In der Studie analysierten die Wissenschafter alte DNA-Proben aus Knochen von über 200 Personen aus London und Dänemark, die vor, während und nach der Pest gestorben waren, mit Hilfe von neuen Sequenzierungsmethoden. Es wurden insgesamt 300 immunbezogene Gene untersucht und deren vier ausgemacht, die - je nach Variante - entweder vor dem Bakterium Yersinia pestis schützten oder die Anfälligkeit für die Beulenpest erhöhten. "Dies war ein sehr direkter Weg, um die Auswirkungen eines einzigen Krankheitserregers auf die menschliche Evolution festzumachen", wird Studienautor Luis Barreiro, Professor für Genetische Medizin an der Universität Chicago, in einer Aussendung zitiert.

Im Allgemeinen ist es schwierig, solche Zusammenhänge zu beweisen, wenn man moderne Populationen betrachtet, da die Menschen damals einem anderen Selektionsdruck ausgesetzt waren. "Die einzige Möglichkeit, diese Frage zu beantworten, ist, indem man das Zeitfenster der Betrachtung verkleinert", erklärt Barreiro.

Ein Balanceakt der Evolution

"Dies ist meines Wissens der erste Nachweis, dass der Schwarze Tod tatsächlich einen wichtigen Selektionsdruck auf die Evolution des menschlichen Immunsystems ausübte", sagt der Genetiker. Mit seinem Team konzentrierte er sich auf ein Gen namens ERAP2, dessen Protein dem Immunsystem hilft, Infektionen zu erkennen.

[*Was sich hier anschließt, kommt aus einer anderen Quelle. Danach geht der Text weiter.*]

(* Under the hypotheses and notation of the context (in particular with $\xi_k^c,\eta_k^c$, $k=1,2$, as defined there), the Geronimus perturbed monic orthogonal polynomials satisfy $$[Q_n^{c,N}]''(x)+\mathcal R(x;n)[Q_n^{c,N}]'(x)+\mathcal S(x;n)Q_n^{c,N}(x)=0,$$ where $$\mathcal R(x;n)=-\Big(\xi_1^c(x;n)+\eta_2^c(x;n)+\frac{[\eta_1^c(x;n)]'}{\eta_1^c(x;n)}\Big),$$ $$\mathcal S(x;n)=\xi_1^c(x;n)\eta_2^c(x;n)-\eta_1^c(x;n)\xi_2^c(x;n)+\frac{\xi_1^c(x;n)[\eta_1^c(x;n)]'-[\xi_1^c(x;n)]'\eta_1^c(x;n)}{\eta_1^c(x;n)}.$$
   Context: $\mu$ is a positive Borel measure on $\mathbb{R}$, absolutely continuous w.r.t. Lebesgue measure, with finite moments, supported on a set $E$ with infinitely many points; $c\in\mathbb{R}\setminus E$, $N>0$. $\mu$ is (semi-)classical: its monic orthogonal polynomials $P_n$ satisfy $xP_n=P_{n+1}+\beta_nP_n+\gamma_nP_{n-1}$ and $\sigma(x)P_n'=a(x;n)P_n+b(x;n)P_{n-1}$ with polynomials $\sigma,a,b$ of degrees independent of $n$. $\{Q_n^c\}$ is the MOPS for $\int fg\frac{1}{x-c}d\mu$; $\{Q_n^{c,N}\}$ is the MOPS for $\int fg\frac{1}{x-c}d\mu+Nf(c)g(c)$. $\Lambda_n^c=\frac{\pi_{n-1}-r_{n-1}}{1+NB_n^c}-\pi_{n-1}$ with $\pi_{n-1}=P_n(c)/P_{n-1}(c)$, $r_{n-1}=F_n(c)/F_{n-1}(c)$, $F_n(s)=\int\frac{P_n(x)}{x-s}d\mu(x)$, $F_{-1}=1$, $B_n^c=\frac{-Q_n^c(c)P_{n-1}(c)}{\int P_{n-1}^2d\mu}$. Define $B_2=\Lambda_{n-1}^c\big(\frac{1}{\Lambda_{n-1}^c}+\frac{x-\beta_{n-1}}{\gamma_{n-1}}\big)$, $\Delta=B_2+\frac{\Lambda_n^c\Lambda_{n-1}^c}{\gamma_{n-1}}$, $C_1=\frac{1}{\sigma}\big(a(x;n)-\Lambda_n^c\frac{b(x;n-1)}{\gamma_{n-1}}\big)$, $D_1=\frac1\sigma\big(b(x;n)+\Lambda_n^cb(x;n-1)\big(\frac{a(x;n-1)}{b(x;n-1)}+\frac{x-\beta_{n-1}}{\gamma_{n-1}}\big)\big)$, $C_2=\frac{-\Lambda_{n-1}^c}{\sigma}\big(\frac{a(x;n)}{\gamma_{n-1}}+\frac{b(x;n-1)}{\gamma_{n-1}}\big(\frac{1}{\Lambda_{n-1}^c}+\frac{x-\beta_{n-1}}{\gamma_{n-1}}\big)\big)$, $D_2=\frac{\Lambda_{n-1}^c}{\sigma}\big[\frac{\sigma-b(x;n)}{\gamma_{n-1}}+b(x;n-1)\big(\frac{a(x;n-1)}{b(x;n-1)}+\frac{x-\beta_{n-1}}{\gamma_{n-1}}\big)\big(\frac{1}{\Lambda_{n-1}^c}+\frac{x-\beta_{n-1}}{\gamma_{n-1}}\big)\big]$, and for $k=1,2$: $\xi_k^c=\frac{C_kB_2\gamma_{n-1}+D_k\Lambda_{n-1}^c}{\Delta\gamma_{n-1}}$, $\eta_k^c=\frac{D_k-C_k\Lambda_n^c}{\Delta}$ (all functions of $x$ and $n$). The statement concerns indices $n$ for which all quantities are defined. *)

theory Defs
  imports "HOL-Analysis.Analysis" "HOL-Computational_Algebra.Polynomial"
begin

definition msupport :: "real measure \<Rightarrow> real set" where
  "msupport \<mu> = {x. \<forall>e>0. emeasure \<mu> {x - e<..<x + e} > 0}"

definition MOPS :: "(real poly \<Rightarrow> real poly \<Rightarrow> real) \<Rightarrow> (nat \<Rightarrow> real poly) \<Rightarrow> bool" where
  "MOPS L P \<longleftrightarrow> (\<forall>n. degree (P n) = n \<and> lead_coeff (P n) = 1 \<and>
       (\<forall>m<n. L (P n) (P m) = 0) \<and> L (P n) (P n) \<noteq> 0)"

definition ip_mu :: "real measure \<Rightarrow> real poly \<Rightarrow> real poly \<Rightarrow> real" where
  "ip_mu \<mu> f g = (\<integral>x. poly f x * poly g x \<partial>\<mu>)"

definition ip_geron :: "real measure \<Rightarrow> real \<Rightarrow> real poly \<Rightarrow> real poly \<Rightarrow> real" where
  "ip_geron \<mu> c f g = (\<integral>x. poly f x * poly g x / (x - c) \<partial>\<mu>)"

definition ip_geron_N :: "real measure \<Rightarrow> real \<Rightarrow> real \<Rightarrow> real poly \<Rightarrow> real poly \<Rightarrow> real" where
  "ip_geron_N \<mu> c N f g = ip_geron \<mu> c f g + N * poly f c * poly g c"

definition Fm :: "real measure \<Rightarrow> (nat \<Rightarrow> real poly) \<Rightarrow> nat \<Rightarrow> real \<Rightarrow> real" where
  "Fm \<mu> P n s = (\<integral>x. poly (P n) x / (x - s) \<partial>\<mu>)"

(* pi_{n-1} = P_n(c)/P_{n-1}(c) *)
definition pic :: "(nat \<Rightarrow> real poly) \<Rightarrow> real \<Rightarrow> nat \<Rightarrow> real" where
  "pic P c n = poly (P n) c / poly (P (n - 1)) c"

(* r_{n-1} = F_n(c)/F_{n-1}(c) *)
definition rc :: "real measure \<Rightarrow> (nat \<Rightarrow> real poly) \<Rightarrow> real \<Rightarrow> nat \<Rightarrow> real" where
  "rc \<mu> P c n = Fm \<mu> P n c / Fm \<mu> P (n - 1) c"

definition Bc :: "real measure \<Rightarrow> (nat \<Rightarrow> real poly) \<Rightarrow> (nat \<Rightarrow> real poly) \<Rightarrow> real \<Rightarrow> nat \<Rightarrow> real" where
  "Bc \<mu> P Qc c n = - poly (Qc n) c * poly (P (n - 1)) c / (\<integral>x. (poly (P (n - 1)) x)^2 \<partial>\<mu>)"

definition Lam :: "real measure \<Rightarrow> (nat \<Rightarrow> real poly) \<Rightarrow> (nat \<Rightarrow> real poly) \<Rightarrow> real \<Rightarrow> real \<Rightarrow> nat \<Rightarrow> real" where
  "Lam \<mu> P Qc c N n = (pic P c n - rc \<mu> P c n) / (1 + N * Bc \<mu> P Qc c n) - pic P c n"

(* The coefficient functions; parameters: sigma, a, b, beta, gamma,
   L1 = Lambda_n^c, L0 = Lambda_{n-1}^c, index n, variable x *)
definition B2f :: "(nat \<Rightarrow> real) \<Rightarrow> (nat \<Rightarrow> real) \<Rightarrow> real \<Rightarrow> nat \<Rightarrow> real \<Rightarrow> real" where
  "B2f \<beta> \<gamma> L0 n x = L0 * (1 / L0 + (x - \<beta> (n - 1)) / \<gamma> (n - 1))"

definition Deltaf :: "(nat \<Rightarrow> real) \<Rightarrow> (nat \<Rightarrow> real) \<Rightarrow> real \<Rightarrow> real \<Rightarrow> nat \<Rightarrow> real \<Rightarrow> real" where
  "Deltaf \<beta> \<gamma> L1 L0 n x = B2f \<beta> \<gamma> L0 n x + L1 * L0 / \<gamma> (n - 1)"

definition C1f :: "real poly \<Rightarrow> (nat \<Rightarrow> real poly) \<Rightarrow> (nat \<Rightarrow> real poly) \<Rightarrow> (nat \<Rightarrow> real) \<Rightarrow> real \<Rightarrow> nat \<Rightarrow> real \<Rightarrow> real" where
  "C1f \<sigma> a b \<gamma> L1 n x =
     (1 / poly \<sigma> x) * (poly (a n) x - L1 * poly (b (n - 1)) x / \<gamma> (n - 1))"

definition D1f :: "real poly \<Rightarrow> (nat \<Rightarrow> real poly) \<Rightarrow> (nat \<Rightarrow> real poly) \<Rightarrow> (nat \<Rightarrow> real) \<Rightarrow> (nat \<Rightarrow> real) \<Rightarrow> real \<Rightarrow> nat \<Rightarrow> real \<Rightarrow> real" where
  "D1f \<sigma> a b \<beta> \<gamma> L1 n x =
     (1 / poly \<sigma> x) * (poly (b n) x + L1 * poly (b (n - 1)) x *
        (poly (a (n - 1)) x / poly (b (n - 1)) x + (x - \<beta> (n - 1)) / \<gamma> (n - 1)))"

definition C2f :: "real poly \<Rightarrow> (nat \<Rightarrow> real poly) \<Rightarrow> (nat \<Rightarrow> real poly) \<Rightarrow> (nat \<Rightarrow> real) \<Rightarrow> (nat \<Rightarrow> real) \<Rightarrow> real \<Rightarrow> nat \<Rightarrow> real \<Rightarrow> real" where
  "C2f \<sigma> a b \<beta> \<gamma> L0 n x =
     (- L0 / poly \<sigma> x) * (poly (a n) x / \<gamma> (n - 1) + poly (b (n - 1)) x / \<gamma> (n - 1) *
        (1 / L0 + (x - \<beta> (n - 1)) / \<gamma> (n - 1)))"

definition D2f :: "real poly \<Rightarrow> (nat \<Rightarrow> real poly) \<Rightarrow> (nat \<Rightarrow> real poly) \<Rightarrow> (nat \<Rightarrow> real) \<Rightarrow> (nat \<Rightarrow> real) \<Rightarrow> real \<Rightarrow> nat \<Rightarrow> real \<Rightarrow> real" where
  "D2f \<sigma> a b \<beta> \<gamma> L0 n x =
     (L0 / poly \<sigma> x) * ((poly \<sigma> x - poly (b n) x) / \<gamma> (n - 1) + poly (b (n - 1)) x *
        (poly (a (n - 1)) x / poly (b (n - 1)) x + (x - \<beta> (n - 1)) / \<gamma> (n - 1)) *
        (1 / L0 + (x - \<beta> (n - 1)) / \<gamma> (n - 1)))"

definition xi1 :: "real poly \<Rightarrow> (nat \<Rightarrow> real poly) \<Rightarrow> (nat \<Rightarrow> real poly) \<Rightarrow> (nat \<Rightarrow> real) \<Rightarrow> (nat \<Rightarrow> real) \<Rightarrow> real \<Rightarrow> real \<Rightarrow> nat \<Rightarrow> real \<Rightarrow> real" where
  "xi1 \<sigma> a b \<beta> \<gamma> L1 L0 n x =
     (C1f \<sigma> a b \<gamma> L1 n x * B2f \<beta> \<gamma> L0 n x * \<gamma> (n - 1) + D1f \<sigma> a b \<beta> \<gamma> L1 n x * L0)
     / (Deltaf \<beta> \<gamma> L1 L0 n x * \<gamma> (n - 1))"

definition eta1 :: "real poly \<Rightarrow> (nat \<Rightarrow> real poly) \<Rightarrow> (nat \<Rightarrow> real poly) \<Rightarrow> (nat \<Rightarrow> real) \<Rightarrow> (nat \<Rightarrow> real) \<Rightarrow> real \<Rightarrow> real \<Rightarrow> nat \<Rightarrow> real \<Rightarrow> real" where
  "eta1 \<sigma> a b \<beta> \<gamma> L1 L0 n x =
     (D1f \<sigma> a b \<beta> \<gamma> L1 n x - C1f \<sigma> a b \<gamma> L1 n x * L1) / Deltaf \<beta> \<gamma> L1 L0 n x"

Personen, die zwei Kopien einer Variante mit der Bezeichnung rs2549794 besaßen, konnten Kopien des ERAP2-Transkripts in voller Länge eines funktionellen Proteins im Körper erzeugen. Eine anderen Variante des Gens führte hingegen zu einer verkürzten, nicht funktionellen Version des Transkripts.

Wenn eine Fresszelle (Makrophage) des Immunsystems auf ein Bakterium stößt, zerkleinert sie es, um die Stücke anderen Antikörpern zu präsentieren und ihnen so zu signalisieren, dass eine Infektion vorliegt. "Der Besitz der funktionellen Version des Gens ERAP2 scheint einen Vorteil zu schaffen, wahrscheinlich weil es die Fähigkeit, Eindringlinge zu erkennen, verbessert", sagt Barreiro. Der Besitz von zwei Kopien der Gen-Variante rs2549794 hätte die Wahrscheinlichkeit, den Schwarzen Tod zu überleben, um etwa 40 Prozent erhöht - im Vergleich zu Menschen mit zwei Kopien der nicht-funktionalen Variante.

Das Team testete im Labor, wie sich rs2549794 auf die Fähigkeit lebender menschlicher Zellen, die Pest zu bekämpfen, auswirkt. Es zeigte sich, dass Makrophagen mit zwei Kopien den Pesterreger effizienter neutralisieren als solche ohne sie. Allerdings ist die Selektion für rs2549794 ein Teil eines Balanceakts, den die Evolution auferlegt. Denn zum einen schützt ERAP2 vor bakteriellen Infektionen und in seiner Variante rs2549794 vor der Pest. Doch dieselbe Variante wird in modernen Populationen mit einer erhöhten Anfälligkeit für Autoimmunkrankheiten in Verbindung gebracht, einschließlich der Rolle eines bekannten Risikofaktors für Morbus Crohn.

"Dies ist ein erster Blick darauf, wie Pandemien unsere Genome verändern können", sagt Studienautor Anthropologe Hendrik Poinar von der McMaster University. Was während der Pestepidemien vor Hunderten Jahren einen enormen Schutz bot, erweist sich heute aber auch als gefährlich. "Ein hyperaktives Immunsystem mag in der Vergangenheit großartig gewesen sein, ist aber unter heutigen Bedingungen vielleicht nicht mehr so hilfreich", so Poinar.